What is being asked: Copy out exactly the lines below that run from the one holding "that by simp" to the one holding "k12 N i)) /", keeping both of those lines and no others.

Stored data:
════
(* Let $n\ge2$, $N\ge2n+1$, $\alpha_2,\dots,\alpha_n$ real, $\alpha_1=1$. Consider the open ($k=-1$) $N$-dimensional metric $ds^2=-dt^2+a(t)^2\left(\frac{dr^2}{1+r^2}+r^2d\Omega_{N-2}^2\right)$ and the pressure ($p$) component of the Lovelock field equations with $p=0$, namely $$-(N-2)\left(\frac{N-3}{2}\Big(\frac{\dot a^2}{a^2}-\frac{1}{a^2}\Big)+\frac{\ddot a}{a}\right)+\sum_{i=2}^{n}\alpha_i\left[{}^{(i)}k_{11}\Big(\frac{\dot a^2}{a^2}-\frac{1}{a^2}\Big)^i+{}^{(i)}k_{12}\,\frac{\ddot a}{a}\Big(\frac{\dot a^2}{a^2}-\frac{1}{a^2}\Big)^{i-1}\right]=0 .$$ Let $C_1$ be a real root of $2-N+\sum_{i=2}^n\alpha_i\,{}^{(i)}k_{12}\,\frac{C_1^{i-1}}{i}=0$ (equivalently a nonzero root of $\sum_{i=1}^n\alpha_i\,{}^{(i)}k_{12}\,C_1^i/i=0$, with ${}^{(1)}k_{12}=-(N-2)$). Then $$a(t)=\frac{1}{\sqrt{C_1}}\sinh\big(\sqrt{C_1}\,t\big)=\sum_{j\ge0}\frac{C_1^{\,j}\,t^{2j+1}}{(2j+1)!}$$ is a solution of this pressure-free equation with $a(0)=0$.
   Context: Dots denote $d/dt$ ($t$ cosmic time). This equation is the spatial ($p$) component of the Lovelock field equations $\sum_i\alpha_i\,{}^{(i)}\mathcal{H}^a_{\ b}=T^a_{\ b}$ for a perfect fluid in the FRW metric. Coefficients (binomial coefficients $\binom{a}{b}$, zero when $b<0$): ${}^{(i)}k_{11}=-\tfrac12(2(i-1))!\,(N-2)(N-1-2i)\binom{N-3}{2(i-1)}$, ${}^{(i)}k_{12}=-\tfrac12(2(i-1))!\left[2(N-i-1)\binom{N-2}{2(i-1)}+(N-2)(N-1-2i)\binom{N-3}{2i-3}\right]$. *)

theory Defs
  imports "HOL-Analysis.Analysis"
begin

definition binom_z :: "nat \<Rightarrow> int \<Rightarrow> real" where
  "binom_z a b = (if b < 0 then 0 else real (a choose nat b))"

definition k11 :: "nat \<Rightarrow> nat \<Rightarrow> real" where
  "k11 N i = - (1/2) * fact (2 * (i - 1)) * (real N - 2) * (real N - 1 - 2 * real i)
              * binom_z (N - 3) (2 * (int i - 1))"

definition k12 :: "nat \<Rightarrow> nat \<Rightarrow> real" where
  "k12 N i = - (1/2) * fact (2 * (i - 1)) *
     (2 * (real N - real i - 1) * binom_z (N - 2) (2 * (int i - 1))
      + (real N - 2) * (real N - 1 - 2 * real i) * binom_z (N - 3) (2 * int i - 3))"

text \<open>Pressure component of the Lovelock equations (p = 0), open FRW, evaluated at
  a = a(t), a' = da/dt, a'' = d^2a/dt^2.\<close>
definition lovelock_p_lhs ::
  "nat \<Rightarrow> nat \<Rightarrow> (nat \<Rightarrow> real) \<Rightarrow> real \<Rightarrow> real \<Rightarrow> real \<Rightarrow> real" where
  "lovelock_p_lhs N n \<alpha> a a' a'' =
     (let H = a'^2 / a^2 - 1 / a^2; Q = a'' / a in
      - (real N - 2) * ((real N - 3) / 2 * H + Q)
      + (\<Sum>i=2..n. \<alpha> i * (k11 N i * H ^ i + k12 N i * Q * H ^ (i - 1))))"

text \<open>Power series form of sinh(sqrt C t)/sqrt C (valid for every real C).\<close>
definition sinh_sol :: "real \<Rightarrow> real \<Rightarrow> real" where
  "sinh_sol C t = (\<Sum>j. C ^ j * t ^ (2 * j + 1) / fact (2 * j + 1))"

end

theory Submission imports Defs begin

text \<open>The function \<open>a = sinh(\<surd>C t)/\<surd>C\<close>, given by its power series for every real \<open>C\<close>,
  solves \<open>a'' = C a\<close> with \<open>a(0) = 0\<close>, \<open>a'(0) = 1\<close>, hence \<open>a'\<^sup>2 - C a\<^sup>2 = 1\<close>. Thus both
  curvature quantities \<open>H = (a'\<^sup>2 - 1)/a\<^sup>2\<close> and \<open>Q = a''/a\<close> of the field equation equal \<open>C\<close>.
  The binomial identity \<open>2i (k11 + k12) = (N - 1) k12\<close> then collapses every Lovelock term, and
  the equation becomes \<open>(N - 1) C / 2\<close> times the polynomial of which \<open>C\<close> is a root.\<close>

lemma Suc_times_binomial_Suc:
  "real (Suc k) * real (n choose Suc k) = (real n - real k) * real (n choose k)"
proof -
  have "real (Suc n) * real (n choose k) = real (Suc n choose Suc k) * real (Suc k)"
    by (metis Suc_times_binomial_eq of_nat_mult)
  then show ?thesis by (simp add: algebra_simps)
qed

lemma k11_add_k12:
  assumes "2 \<le> i" "3 \<le> N"
  shows "2 * real i * (k11 N i + k12 N i) = (real N - 1) * k12 N i"
proof -
  obtain j where i: "i = j + 2" using assms(1) by (metis add.commute le_Suc_ex)
  obtain m where N: "N = m + 3" using assms(2) by (metis add.commute le_Suc_ex)
  define A where "A = real (m choose (2*j+1))"
  define B where "B = real (m choose (2*j+2))"
  have index1: "nat (2 * (int i - 1)) = 2 * j + 2" and index2: "nat (2 * int i - 3) = 2 * j + 1"
    using i by simp_all
  have binom_N3_i1: "binom_z (N - 3) (2 * (int i - 1)) = B"
    unfolding binom_z_def B_def index1 using i N by simp
  have binom_N2_i1: "binom_z (N - 2) (2 * (int i - 1)) = A + B"
    unfolding binom_z_def A_def B_def index1 using i N by (simp add: numeral_3_eq_3)
  have binom_N3_i2: "binom_z (N - 3) (2 * int i - 3) = A"
    unfolding binom_z_def A_def index2 using i N by simp
  have ratio: "(2 * real j + 2) * B = (real m - 2 * real j - 1) * A"
    using Suc_times_binomial_Suc[of "2*j+1" m] unfolding A_def B_def by (simp add: algebra_simps)
  have "real N = real m + 3" and "real i = real j + 2"
    using i N by simp_all
  then show ?thesis
    unfolding k11_def k12_def binom_N3_i1 binom_N2_i1 binom_N3_i2
    using ratio by algebra
qed

lemma lovelock_p_lhs_constant_curvature:
  fixes a a' a'' C :: real
  assumes "3 \<le> N" and "a \<noteq> 0" and energy: "a' ^ 2 - C * a ^ 2 = 1" and "a'' = C * a"
  shows "lovelock_p_lhs N n \<alpha> a a' a'' =
    (real N - 1) / 2 * C * (2 - real N + (\<Sum>i=2..n. \<alpha> i * k12 N i * C ^ (i - 1) / real i))"
proof -
  have H: "a' ^ 2 / a ^ 2 - 1 / a ^ 2 = C" and Q: "a'' / a = C"
    using assms(2-) by (simp_all add: field_simps)
  have lovelock_term: "\<alpha> i * (k11 N i * C ^ i + k12 N i * C * C ^ (i - 1))
      = (real N - 1) / 2 * C * (\<alpha> i * k12 N i * C ^ (i - 1) / real i)" if "i \<in> {2..n}" for i
  proof -
    have i: "2 \<le> i" using that by simp
    have "C ^ i = C * C ^ (i - 1)" using i by (simp add: power_eq_if)
    then have "\<alpha> i * (k11 N i * C ^ i + k12 N i * C * C ^ (i - 1))
        = \<alpha> i * C * C ^ (i - 1) * (2 * real i * (k11 N i + k12 N i)) / (2 * real i)"
      using i by (simp add: field_simps)
    then show ?thesis
      unfolding k11_add_k12[OF i assms(1)] by simp
  qed
  have "lovelock_p_lhs N n \<alpha> a a' a'' = - (real N - 2) * ((real N - 3) / 2 * C + C)
      + (\<Sum>i=2..n. \<alpha> i * (k11 N i * C ^ i + k12 N i * C * C ^ (i - 1)))"
    unfolding lovelock_p_lhs_def Let_def H Q by (simp add: mult.assoc)
  also have "\<dots> = - (real N - 2) * ((real N - 3) / 2 * C + C)
      + (real N - 1) / 2 * C * (\<Sum>i=2..n. \<alpha> i * k12 N i * C ^ (i - 1) / real i)"
    by (simp only: sum.cong[OF refl lovelock_term] sum_distrib_left)
  also have "\<dots> = (real N - 1) / 2 * C
      * (2 - real N + (\<Sum>i=2..n. \<alpha> i * k12 N i * C ^ (i - 1) / real i))"
    by (simp add: field_simps)
  finally show ?thesis .
qed

lemma ode_second_order_first_integral:
  fixes f f' :: "real \<Rightarrow> real"
  assumes "\<And>t. (f has_real_derivative f' t) (at t)"
    and "\<And>t. (f' has_real_derivative C * f t) (at t)"
  shows "f' t ^ 2 - C * f t ^ 2 = f' 0 ^ 2 - C * f 0 ^ 2"
proof (rule DERIV_isconst_all[of "\<lambda>t. f' t ^ 2 - C * f t ^ 2", rule_format])
  fix x
  show "((\<lambda>t. f' t ^ 2 - C * f t ^ 2) has_real_derivative 0) (at x)"
    using assms[of x] by (auto intro!: derivative_eq_intros)
qed

definition sinh_coeff :: "real \<Rightarrow> nat \<Rightarrow> real" where
  "sinh_coeff C n = (if even n then 0 else C ^ (n div 2) / fact n)"

lemma summable_sinh_coeff: "summable (\<lambda>n. sinh_coeff C n * t ^ n)"
proof (rule summable_comparison_test)
  show "summable (\<lambda>n. inverse (fact n) * ((1 + \<bar>C\<bar>) * \<bar>t\<bar>) ^ n)"
    by (rule summable_exp)
  have "norm (sinh_coeff C n * t ^ n) \<le> inverse (fact n) * ((1 + \<bar>C\<bar>) * \<bar>t\<bar>) ^ n" for n
  proof (cases "even n")
    case False
    have "\<bar>C\<bar> ^ (n div 2) \<le> (1 + \<bar>C\<bar>) ^ (n div 2)"
      by (rule power_mono) auto
    also have "\<dots> \<le> (1 + \<bar>C\<bar>) ^ n"
      by (rule power_increasing) auto
    finally have "inverse (fact n) * (\<bar>C\<bar> ^ (n div 2) * \<bar>t\<bar> ^ n)
        \<le> inverse (fact n) * ((1 + \<bar>C\<bar>) ^ n * \<bar>t\<bar> ^ n)"
      by (intro mult_left_mono mult_right_mono) auto
    with False show ?thesis
      by (simp add: sinh_coeff_def abs_mult power_abs power_mult_distrib divide_inverse mult_ac)
  qed (simp add: sinh_coeff_def)
  then show "\<exists>M. \<forall>n\<ge>M. norm (sinh_coeff C n * t ^ n)
      \<le> inverse (fact n) * ((1 + \<bar>C\<bar>) * \<bar>t\<bar>) ^ n"
    by blast
qed

lemma sinh_sol_power_series: "sinh_sol C = (\<lambda>t. \<Sum>n. sinh_coeff C n * t ^ n)"
proof
  fix t
  have "strict_mono (\<lambda>j::nat. 2 * j + 1)" by (rule strict_monoI) auto
  moreover have "sinh_coeff C n * t ^ n = 0" if "n \<notin> range (\<lambda>j. 2 * j + 1)" for n
  proof -
    from that have "even n" by (metis oddE rangeI)
    then show ?thesis by (simp add: sinh_coeff_def)
  qed
  ultimately have "(\<lambda>j. sinh_coeff C (2 * j + 1) * t ^ (2 * j + 1))
      sums (\<Sum>n. sinh_coeff C n * t ^ n)"
    using sums_mono_reindex[of "\<lambda>j. 2 * j + 1" "\<lambda>n. sinh_coeff C n * t ^ n"]
      summable_sums[OF summable_sinh_coeff] by blast
  moreover have "(\<lambda>j. sinh_coeff C (2 * j + 1) * t ^ (2 * j + 1))
      = (\<lambda>j. C ^ j * t ^ (2 * j + 1) / fact (2 * j + 1))"
    by (simp add: sinh_coeff_def)
  ultimately show "sinh_sol C t = (\<Sum>n. sinh_coeff C n * t ^ n)"
    unfolding sinh_sol_def by (simp add: sums_iff)
qed

lemma diffs_diffs_sinh_coeff: "diffs (diffs (sinh_coeff C)) = (\<lambda>n. C * sinh_coeff C n)"
proof
  fix n
  show "diffs (diffs (sinh_coeff C)) n = C * sinh_coeff C n"
  proof (cases "even n")
    case False
    have "fact (Suc (Suc n)) = real (Suc (Suc n)) * real (Suc n) * (fact n :: real)"
      by simp
    moreover have "Suc (Suc n) div 2 = Suc (n div 2)" by simp
    ultimately show ?thesis
      using False by (simp add: diffs_def sinh_coeff_def field_simps del: of_nat_Suc fact_Suc)
  qed (simp add: diffs_def sinh_coeff_def)
qed

lemma sinh_sol_at_0 [simp]: "sinh_sol C 0 = 0"
  by (simp add: sinh_sol_def)

lemma sinh_sol_ode:
  obtains a' where "\<And>t. (sinh_sol C has_real_derivative a' t) (at t)"
    and "\<And>t. (a' has_real_derivative C * sinh_sol C t) (at t)" and "a' 0 = 1"
proof
  let ?a' = "\<lambda>t. \<Sum>n. diffs (sinh_coeff C) n * t ^ n"
  show "(sinh_sol C has_real_derivative ?a' t) (at t)" for t
    unfolding sinh_sol_power_series
    by (rule termdiffs_strong_converges_everywhere) (rule summable_sinh_coeff)
  have "(?a' has_real_derivative (\<Sum>n. C * sinh_coeff C n * t ^ n)) (at t)" for t
    using termdiffs_strong_converges_everywhere[OF termdiff_converges_all[OF summable_sinh_coeff]]
    by (simp add: diffs_diffs_sinh_coeff)
  then show "(?a' has_real_derivative C * sinh_sol C t) (at t)" for t
    by (simp add: sinh_sol_power_series suminf_mult[OF summable_sinh_coeff] mult.assoc)
  show "?a' 0 = 1"
    by (simp add: diffs_def sinh_coeff_def)
qed

theorem mainTheorem4:
  fixes N n :: nat and \<alpha> :: "nat \<Rightarrow> real" and C1 :: real
  assumes "n \<ge> 2" and "N \<ge> 2 * n + 1" and "\<alpha> 1 = 1"
    and "2 - real N + (\<Sum>i=2..n. \<alpha> i * k12 N i * C1 ^ (i - 1) / real i) = 0"
  shows "sinh_sol C1 0 = 0 \<and>
    (\<exists>a' a''. (\<forall>t. (sinh_sol C1 has_real_derivative a' t) (at t)) \<and>
              (\<forall>t. (a' has_real_derivative a'' t) (at t)) \<and>
              (\<forall>t. sinh_sol C1 t \<noteq> 0 \<longrightarrow>
                   lovelock_p_lhs N n \<alpha> (sinh_sol C1 t) (a' t) (a'' t) = 0))"
proof -
  obtain a' where da: "\<And>t. (sinh_sol C1 has_real_derivative a' t) (at t)"
    and da': "\<And>t. (a' has_real_derivative C1 * sinh_sol C1 t) (at t)" and "a' 0 = 1"
    using sinh_sol_ode[of C1] by blast
  then have energy: "a' t ^ 2 - C1 * sinh_sol C1 t ^ 2 = 1" for t
    using ode_second_order_first_integral[OF da da'] by simp
  have "lovelock_p_lhs N n \<alpha> (sinh_sol C1 t) (a' t) (C1 * sinh_sol C1 t) = 0"
    if "sinh_sol C1 t \<noteq> 0" for t
    using lovelock_p_lhs_constant_curvature[where N = N and n = n and \<alpha> = \<alpha>, OF _ that energy refl]
      assms(1,2,4) by simp
  then show ?thesis
    using da da'
    by (intro conjI sinh_sol_at_0 exI[where x = a'] exI[where x = "\<lambda>t. C1 * sinh_sol C1 t"]) auto
qed

end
════
Solution for this exercise:
    have i: "2 \<le> i" using that by simp
    have "C ^ i = C * C ^ (i - 1)" using i by (simp add: power_eq_if)
    then have "\<alpha> i * (k11 N i * C ^ i + k12 N i * C * C ^ (i - 1))
        = \<alpha> i * C * C ^ (i - 1) * (2 * real i * (k11 N i + k12 N i)) / (2 * real i)"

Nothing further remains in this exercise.